Oedipus- Greek HeroHero"King of Thebes"

Also known as: Oidipous and Οἰδίπους

Loading graph...

Titles & Epithets

King of ThebesSolver of the RiddleTyrannosSwollen-Foot

Domains

fateknowledge

Symbols

staffbrooch pinscrossroads

Description

A foundling raised as a Corinthian prince, Oedipus fled Delphi's prophecy that he would kill his father and marry his mother. He killed a stranger at a crossroads and claimed Thebes by solving the Sphinx's riddle, then married the widowed queen. Every word of the oracle came true.

Mythology & Lore

The Oracle and the Exposed Child

Before Oedipus was born, an oracle from Delphi warned King Laius of Thebes that his son would kill him and marry his wife Jocasta. The curse traced back to Laius's youth: he had abducted the boy Chrysippus, son of Pelops, and the gods punished the Labdacid line for it. To prevent the prophecy's fulfilment, Laius ordered the infant's ankles pierced and pinned together and commanded a servant to expose the child on Mount Cithaeron to die. From this wound came his name: Oidipous, "swollen foot."

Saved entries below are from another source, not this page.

(* For integers $i,j\ge1$ with $i\neq j$, the central element $m_{i,i,j}=m_{i,i,j}(L_1,\dots,L_4)\in\mathbb Z S_4$ satisfies \begin{align*} \langle 1,m_{i,i,j}\rangle&=\tfrac{1}{24}(1+(-1)^j)\big(6^i+2^i3^j+2^j3^i+9(-1)^i(2^i+2^j)+9\cdot 2^i\big),\\ \langle s_1,m_{i,i,j}\rangle&=\tfrac{1}{24}(1-(-1)^j)\big(6^i+2^i3^j+2^j3^i+3(-1)^i(2^i+2^j)-3\cdot 2^i\big),\\ \langle s_{12},m_{i,i,j}\rangle&=\tfrac{1}{24}(1+(-1)^j)\big(6^i+2^i3^j+2^j3^i\big),\\ \langle s_{13},m_{i,i,j}\rangle&=\tfrac{1}{24}(1+(-1)^j)\big(6^i+2^i3^j+2^j3^i-3(-1)^i(2^i+2^j)-3\cdot 2^i\big),\\ \langle s_{123},m_{i,i,j}\rangle&=\tfrac{1}{24}(1-(-1)^j)\big(6^i+2^i3^j+2^j3^i-3(-1)^i(2^i+2^j)+3\cdot 2^i\big). \end{align*}
   Context: $S_4$ is the symmetric group on $\{1,2,3,4\}$, $\mathbb Z S_4$ its integral group ring. Let $s_1=(1\,2)$, $s_2=(2\,3)$, $s_3=(3\,4)$, $s_{12}=s_1s_2$, $s_{13}=s_1s_3$, $s_{123}=s_1s_2s_3$. The Jucys–Murphy elements are $L_1=0$ and $L_i=\sum_{k=1}^{i-1}(k\ i)$ for $i=2,3,4$; they pairwise commute. For a partition $\mu=(\mu_1,\dots,\mu_r)$, $m_\mu(x_1,\dots,x_4)$ is the monomial symmetric polynomial: the sum of all distinct monomials $x_1^{\alpha_1}\cdots x_4^{\alpha_4}$ with $(\alpha_1,\dots,\alpha_4)$ a rearrangement of $(\mu_1,\dots,\mu_r,0,\dots,0)$. A subscript list such as $m_{i,i,j}$ denotes $m_\mu(L_1,\dots,L_4)$ where $\mu$ is the partition whose parts are the listed entries (sorted decreasingly). For $w\in S_4$ and $h\in\mathbb Z S_4$, $\langle w,h\rangle$ denotes the coefficient of $w$ in $h$; for central $h$ this equals the coefficient of the class sum of the conjugacy class of $w$. *)

theory Defs
  imports "HOL-Combinatorics.Combinatorics"
begin

text \<open>Elements of the integral group ring Z S_4 are coefficient functions
  (nat => nat) => int (only values on S4 matter); the product is the
  convolution with delta_u * delta_v = delta_(u o v).\<close>

type_synonym perm = "nat \<Rightarrow> nat"
type_synonym gring = "perm \<Rightarrow> int"

definition S4 :: "perm set" where
  "S4 = {p. p permutes {1..4::nat}}"

definition gdelta :: "perm \<Rightarrow> gring" where
  "gdelta u = (\<lambda>w. if w = u then 1 else 0)"

definition gone :: gring where
  "gone = gdelta id"

definition gmul :: "gring \<Rightarrow> gring \<Rightarrow> gring" where
  "gmul a b = (\<lambda>w. \<Sum>u\<in>S4. a u * b (inv u \<circ> w))"

definition gpow :: "gring \<Rightarrow> nat \<Rightarrow> gring" where
  "gpow a n = ((gmul a) ^^ n) gone"

definition JM :: "nat \<Rightarrow> gring" where
  "JM i = (\<lambda>w. \<Sum>k\<in>{1..<i}. gdelta (transpose k i) w)"

definition JM_monomial :: "(nat \<Rightarrow> nat) \<Rightarrow> gring" where
  "JM_monomial a = gmul (gpow (JM 1) (a 1)) (gmul (gpow (JM 2) (a 2))
      (gmul (gpow (JM 3) (a 3)) (gpow (JM 4) (a 4))))"

definition pad4 :: "nat list \<Rightarrow> nat \<Rightarrow> nat" where
  "pad4 mu k = (if 1 \<le> k \<and> k \<le> length mu then mu ! (k - 1) else 0)"

definition rearrangements4 :: "nat list \<Rightarrow> (nat \<Rightarrow> nat) set" where
  "rearrangements4 mu = {a. \<exists>\<sigma>. \<sigma> permutes {1..4::nat} \<and> a = pad4 mu \<circ> \<sigma>}"

definition msym_JM :: "nat list \<Rightarrow> gring" where
  "msym_JM mu = (\<lambda>w. \<Sum>a\<in>rearrangements4 mu. JM_monomial a w)"

definition s1 :: perm where "s1 = transpose 1 2"
definition s2 :: perm where "s2 = transpose 2 3"
definition s3 :: perm where "s3 = transpose 3 4"

end

theory Submission
  imports Defs
begin

(* Write L_2, L_3, L_4 for the Jucys-Murphy elements; L_1 = 0, so every
   monomial of m_{i,i,j} with a positive exponent of L_1 vanishes and
     m_{i,i,j} = L_2^i L_3^i L_4^j + L_2^i L_3^j L_4^i + L_2^j L_3^i L_4^i.
   To evaluate such monomials we use the seminormal idempotent decomposition of the
   identity: there are ten elements F_T = 48 E_T of Z S_4, one for each standard Young
   tableau T of size 4, with  L_k F_T = c_T(k) F_T  (c_T(k) the content of the box of k in T) and
   sum_T F_T = 48 * 1.  Hence  48 * L_2^a L_3^b L_4^c = sum_T c_T(2)^a c_T(3)^b c_T(4)^c F_T,
   and every coefficient of m_{i,i,j} is an explicit combination of powers of contents. *)

section \<open>The group ring of S_4\<close>

lemma S4_inv: "u \<in> S4 \<Longrightarrow> inv u \<in> S4"
  by (simp add: S4_def permutes_inv)

lemma S4_comp: "u \<in> S4 \<Longrightarrow> v \<in> S4 \<Longrightarrow> u \<circ> v \<in> S4"
  by (simp add: S4_def permutes_compose)

lemma S4_id: "id \<in> S4"
  by (simp add: S4_def permutes_id)

lemma S4_finite: "finite S4"
  unfolding S4_def by (rule finite_permutations) simp

lemma S4_inv_left: "u \<in> S4 \<Longrightarrow> inv u \<circ> u = id"
  unfolding S4_def using permutes_inv_o(2) by blast

lemma S4_inv_right: "u \<in> S4 \<Longrightarrow> u \<circ> inv u = id"
  unfolding S4_def using permutes_inv_o(1) by blast

lemma transpose_in_S4: "a \<in> {1..4} \<Longrightarrow> b \<in> {1..4} \<Longrightarrow> transpose a b \<in> S4"
  unfolding S4_def by (simp add: permutes_swap_id)

text \<open>Left translation by an element of S_4 permutes S_4; this is the reindexing
  behind associativity of the convolution product.\<close>
lemma S4_left_translation: "u \<in> S4 \<Longrightarrow> bij_betw (\<lambda>v. u \<circ> v) S4 S4"
proof (rule bij_betw_byWitness[where f'="\<lambda>v. inv u \<circ> v"])
  assume u: "u \<in> S4"
  show "\<forall>a\<in>S4. inv u \<circ> (u \<circ> a) = a" using S4_inv_left[OF u] by (simp add: o_assoc)
  show "\<forall>a\<in>S4. u \<circ> (inv u \<circ> a) = a" using S4_inv_right[OF u] by (simp add: o_assoc)
  show "(\<lambda>v. u \<circ> v) ` S4 \<subseteq> S4" using u S4_comp by auto
  show "(\<lambda>v. inv u \<circ> v) ` S4 \<subseteq> S4" using u S4_comp S4_inv by auto
qed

But the servant could not bring himself to kill the baby. He gave the child to a shepherd from Corinth, who brought him to King Polybus and Queen Merope. The childless royal couple adopted the foundling and raised him as their own son. Oedipus grew up believing he was the natural heir to Corinth's throne.

The Road from Delphi

As a young man, Oedipus heard rumours at a banquet that he was not truly Polybus's son. Disturbed, he travelled to Delphi to consult the oracle. Apollo's priestess refused to answer his question about his parentage and instead delivered the prophecy that he was destined to kill his father and marry his mother. Oedipus resolved never to return to Corinth, believing Polybus and Merope were his true parents.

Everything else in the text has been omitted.